4. Testamento y Legado
La falta de un heredero legítimo (Alejandro, el hijo que esperaba de Roxana,
nacería tras su muerte, y su otro hijo, Heracles, era de una concubina) desató una
guerra sucesoria entre los generales que acabó partiendo el Imperio en varios
reinos. Además, los sucesivos asesinatos de sus dos hijos, de su madre, Olimpia,
su viuda, Roxana, y su medio hermano, Filipo Arrideo, extinguieron la dinastía
argéada. Y eso que, según Diodoro, Alejandro habría dictado un detallado
testamento a Crátero poco antes de morir: otra incógnita sin resolver, pues de
dicho documento no ha quedado ningún rastro.
5. Tumba
Tal vez el mayor misterio sea el del emplazamiento actual de los restos mortales
del macedonio. Según las fuentes antiguas, el cuerpo se conservó en un
recipiente de arcilla lleno de miel, que a su vez se introdujo en un ataúd de oro.
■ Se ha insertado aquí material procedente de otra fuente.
(* Let $\mathbf{k}$ be an algebraically closed field of characteristic zero, $\mathcal{A}=\mathbf{k}[x_1,\ldots,x_n]$, and let $\mathcal{L}_+$ be the Lie algebra of polynomial vector fields on $\mathbb{A}^n$ vanishing at the origin. Let $U$ be a finite-dimensional $\mathbf{k}$-vector space and let $\rho$ be an $\mathcal{A}$-linear representation of $\mathcal{L}_+$ on $\mathcal{A}\otimes_{\mathbf{k}}U$. Then for each $i\in\{1,\ldots,n\}$ there are only finitely many $k\in\mathbb{Z}^n_{\geq0}\setminus\{0\}$ for which $\rho\left(x^k\frac{\partial}{\partial x_i}\right)\neq 0$.
   Context: $\mathcal{L}_+$ is spanned by $x^k\frac{\partial}{\partial x_i}$ with $k\in\mathbb{Z}^n_{\ge0}\setminus\{0\}$, where $x^k=x_1^{k_1}\cdots x_n^{k_n}$. An $\mathcal{A}$-linear representation of $\mathcal{L}_+$ on $\mathcal{A}\otimes U$ is a Lie algebra homomorphism $\rho:\mathcal{L}_+\to\mathrm{End}_{\mathcal{A}}(\mathcal{A}\otimes U)$. *)

theory Defs
  imports "HOL-Library.Poly_Mapping" "HOL-Computational_Algebra.Polynomial"
begin

text \<open>Multivariate polynomials k[x_i : i in 'n] as finitely supported maps from
 exponent vectors ('n =>0 nat) to coefficients.\<close>
type_synonym ('n, 'k) mpoly = "('n \<Rightarrow>\<^sub>0 nat) \<Rightarrow>\<^sub>0 'k"

definition alg_closed_field :: "'k::field itself \<Rightarrow> bool" where
  "alg_closed_field _ \<longleftrightarrow> (\<forall>p :: 'k poly. Polynomial.degree p \<noteq> 0 \<longrightarrow> (\<exists>x. poly p x = 0))"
Ptolomeo I lo llevó a Alejandría (Egipto), donde la tumba fue visitada –y a veces
saqueada– hasta el siglo III por fascinados personajes de Roma como Julio
César, Octavio Augusto, Calígula o Caracalla. Y después desapareció. Teorías:
que está en el santuario de Siwa (Egipto), todavía en Alejandría o en Macedonia.